What the task requires: The records are to be copied in their entirety, exactly as given.

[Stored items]
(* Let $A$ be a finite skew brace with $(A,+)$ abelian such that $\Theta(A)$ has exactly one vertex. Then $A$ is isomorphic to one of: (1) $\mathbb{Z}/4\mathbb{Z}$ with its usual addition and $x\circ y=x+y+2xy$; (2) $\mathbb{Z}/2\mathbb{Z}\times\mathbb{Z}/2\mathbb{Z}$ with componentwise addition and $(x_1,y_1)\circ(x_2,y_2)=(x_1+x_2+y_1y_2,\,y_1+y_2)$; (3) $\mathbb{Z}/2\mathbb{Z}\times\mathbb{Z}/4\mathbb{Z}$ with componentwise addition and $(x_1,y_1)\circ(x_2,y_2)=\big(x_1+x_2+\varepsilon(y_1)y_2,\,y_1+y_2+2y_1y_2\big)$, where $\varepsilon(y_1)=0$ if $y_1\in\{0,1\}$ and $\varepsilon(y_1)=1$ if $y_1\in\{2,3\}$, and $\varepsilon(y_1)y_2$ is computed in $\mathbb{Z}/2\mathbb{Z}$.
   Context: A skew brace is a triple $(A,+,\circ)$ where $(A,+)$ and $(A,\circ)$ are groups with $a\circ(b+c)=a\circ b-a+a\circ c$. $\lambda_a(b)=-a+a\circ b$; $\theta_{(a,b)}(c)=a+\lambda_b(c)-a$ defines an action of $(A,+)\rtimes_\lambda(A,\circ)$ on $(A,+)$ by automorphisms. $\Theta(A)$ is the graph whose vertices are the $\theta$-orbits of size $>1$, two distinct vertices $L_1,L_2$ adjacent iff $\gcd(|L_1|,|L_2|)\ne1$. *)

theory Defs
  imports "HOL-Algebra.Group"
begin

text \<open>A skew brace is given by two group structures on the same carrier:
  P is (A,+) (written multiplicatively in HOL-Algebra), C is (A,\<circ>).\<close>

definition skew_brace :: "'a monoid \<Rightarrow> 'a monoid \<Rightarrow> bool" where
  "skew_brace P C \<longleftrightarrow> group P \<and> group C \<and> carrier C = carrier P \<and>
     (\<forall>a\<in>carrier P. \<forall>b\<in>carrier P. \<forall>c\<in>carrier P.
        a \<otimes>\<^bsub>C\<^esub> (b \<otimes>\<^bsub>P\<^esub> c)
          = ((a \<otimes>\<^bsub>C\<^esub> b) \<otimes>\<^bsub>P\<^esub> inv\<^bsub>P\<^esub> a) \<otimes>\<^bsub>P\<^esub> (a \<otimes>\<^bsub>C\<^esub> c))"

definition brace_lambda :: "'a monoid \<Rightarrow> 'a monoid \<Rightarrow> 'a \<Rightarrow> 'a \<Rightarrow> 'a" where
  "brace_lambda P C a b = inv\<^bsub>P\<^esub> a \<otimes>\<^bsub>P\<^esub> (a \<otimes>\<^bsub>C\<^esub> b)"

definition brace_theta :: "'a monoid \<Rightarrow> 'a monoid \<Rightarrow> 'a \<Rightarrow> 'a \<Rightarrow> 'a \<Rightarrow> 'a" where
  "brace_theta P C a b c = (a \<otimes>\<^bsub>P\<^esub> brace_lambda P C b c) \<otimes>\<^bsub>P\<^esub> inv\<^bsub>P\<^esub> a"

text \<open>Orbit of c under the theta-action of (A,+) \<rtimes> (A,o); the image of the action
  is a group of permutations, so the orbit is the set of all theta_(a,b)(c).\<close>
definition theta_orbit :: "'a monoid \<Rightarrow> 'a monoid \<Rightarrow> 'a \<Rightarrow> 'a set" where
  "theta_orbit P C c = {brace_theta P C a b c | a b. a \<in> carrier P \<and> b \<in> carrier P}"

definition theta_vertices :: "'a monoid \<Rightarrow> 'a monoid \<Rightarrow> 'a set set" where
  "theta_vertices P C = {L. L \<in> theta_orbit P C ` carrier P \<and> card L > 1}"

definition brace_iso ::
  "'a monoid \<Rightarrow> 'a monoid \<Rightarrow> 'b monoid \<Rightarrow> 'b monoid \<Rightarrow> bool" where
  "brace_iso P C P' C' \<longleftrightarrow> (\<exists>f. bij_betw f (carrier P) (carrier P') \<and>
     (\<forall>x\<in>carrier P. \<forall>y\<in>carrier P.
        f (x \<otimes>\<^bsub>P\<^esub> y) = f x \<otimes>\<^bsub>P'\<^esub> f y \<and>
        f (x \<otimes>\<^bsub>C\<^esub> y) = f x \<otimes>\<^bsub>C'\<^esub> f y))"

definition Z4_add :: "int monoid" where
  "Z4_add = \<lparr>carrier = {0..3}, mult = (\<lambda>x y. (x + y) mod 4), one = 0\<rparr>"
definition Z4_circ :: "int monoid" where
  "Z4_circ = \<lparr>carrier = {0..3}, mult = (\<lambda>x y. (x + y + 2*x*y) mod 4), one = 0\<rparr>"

Your solution:
(* Let $A$ be a finite skew brace with $(A,+)$ abelian such that $\Theta(A)$ has exactly one vertex. Then $A$ is isomorphic to one of: (1) $\mathbb{Z}/4\mathbb{Z}$ with its usual addition and $x\circ y=x+y+2xy$; (2) $\mathbb{Z}/2\mathbb{Z}\times\mathbb{Z}/2\mathbb{Z}$ with componentwise addition and $(x_1,y_1)\circ(x_2,y_2)=(x_1+x_2+y_1y_2,\,y_1+y_2)$; (3) $\mathbb{Z}/2\mathbb{Z}\times\mathbb{Z}/4\mathbb{Z}$ with componentwise addition and $(x_1,y_1)\circ(x_2,y_2)=\big(x_1+x_2+\varepsilon(y_1)y_2,\,y_1+y_2+2y_1y_2\big)$, where $\varepsilon(y_1)=0$ if $y_1\in\{0,1\}$ and $\varepsilon(y_1)=1$ if $y_1\in\{2,3\}$, and $\varepsilon(y_1)y_2$ is computed in $\mathbb{Z}/2\mathbb{Z}$.
   Context: A skew brace is a triple $(A,+,\circ)$ where $(A,+)$ and $(A,\circ)$ are groups with $a\circ(b+c)=a\circ b-a+a\circ c$. $\lambda_a(b)=-a+a\circ b$; $\theta_{(a,b)}(c)=a+\lambda_b(c)-a$ defines an action of $(A,+)\rtimes_\lambda(A,\circ)$ on $(A,+)$ by automorphisms. $\Theta(A)$ is the graph whose vertices are the $\theta$-orbits of size $>1$, two distinct vertices $L_1,L_2$ adjacent iff $\gcd(|L_1|,|L_2|)\ne1$. *)

theory Defs
  imports "HOL-Algebra.Group"
begin

text \<open>A skew brace is given by two group structures on the same carrier:
  P is (A,+) (written multiplicatively in HOL-Algebra), C is (A,\<circ>).\<close>

definition skew_brace :: "'a monoid \<Rightarrow> 'a monoid \<Rightarrow> bool" where
  "skew_brace P C \<longleftrightarrow> group P \<and> group C \<and> carrier C = carrier P \<and>
     (\<forall>a\<in>carrier P. \<forall>b\<in>carrier P. \<forall>c\<in>carrier P.
        a \<otimes>\<^bsub>C\<^esub> (b \<otimes>\<^bsub>P\<^esub> c)
          = ((a \<otimes>\<^bsub>C\<^esub> b) \<otimes>\<^bsub>P\<^esub> inv\<^bsub>P\<^esub> a) \<otimes>\<^bsub>P\<^esub> (a \<otimes>\<^bsub>C\<^esub> c))"

definition brace_lambda :: "'a monoid \<Rightarrow> 'a monoid \<Rightarrow> 'a \<Rightarrow> 'a \<Rightarrow> 'a" where
  "brace_lambda P C a b = inv\<^bsub>P\<^esub> a \<otimes>\<^bsub>P\<^esub> (a \<otimes>\<^bsub>C\<^esub> b)"

definition brace_theta :: "'a monoid \<Rightarrow> 'a monoid \<Rightarrow> 'a \<Rightarrow> 'a \<Rightarrow> 'a \<Rightarrow> 'a" where
  "brace_theta P C a b c = (a \<otimes>\<^bsub>P\<^esub> brace_lambda P C b c) \<otimes>\<^bsub>P\<^esub> inv\<^bsub>P\<^esub> a"

text \<open>Orbit of c under the theta-action of (A,+) \<rtimes> (A,o); the image of the action
  is a group of permutations, so the orbit is the set of all theta_(a,b)(c).\<close>
definition theta_orbit :: "'a monoid \<Rightarrow> 'a monoid \<Rightarrow> 'a \<Rightarrow> 'a set" where
  "theta_orbit P C c = {brace_theta P C a b c | a b. a \<in> carrier P \<and> b \<in> carrier P}"

definition theta_vertices :: "'a monoid \<Rightarrow> 'a monoid \<Rightarrow> 'a set set" where
  "theta_vertices P C = {L. L \<in> theta_orbit P C ` carrier P \<and> card L > 1}"

definition brace_iso ::
  "'a monoid \<Rightarrow> 'a monoid \<Rightarrow> 'b monoid \<Rightarrow> 'b monoid \<Rightarrow> bool" where
  "brace_iso P C P' C' \<longleftrightarrow> (\<exists>f. bij_betw f (carrier P) (carrier P') \<and>
     (\<forall>x\<in>carrier P. \<forall>y\<in>carrier P.
        f (x \<otimes>\<^bsub>P\<^esub> y) = f x \<otimes>\<^bsub>P'\<^esub> f y \<and>
        f (x \<otimes>\<^bsub>C\<^esub> y) = f x \<otimes>\<^bsub>C'\<^esub> f y))"

definition Z4_add :: "int monoid" where
  "Z4_add = \<lparr>carrier = {0..3}, mult = (\<lambda>x y. (x + y) mod 4), one = 0\<rparr>"
definition Z4_circ :: "int monoid" where
  "Z4_circ = \<lparr>carrier = {0..3}, mult = (\<lambda>x y. (x + y + 2*x*y) mod 4), one = 0\<rparr>"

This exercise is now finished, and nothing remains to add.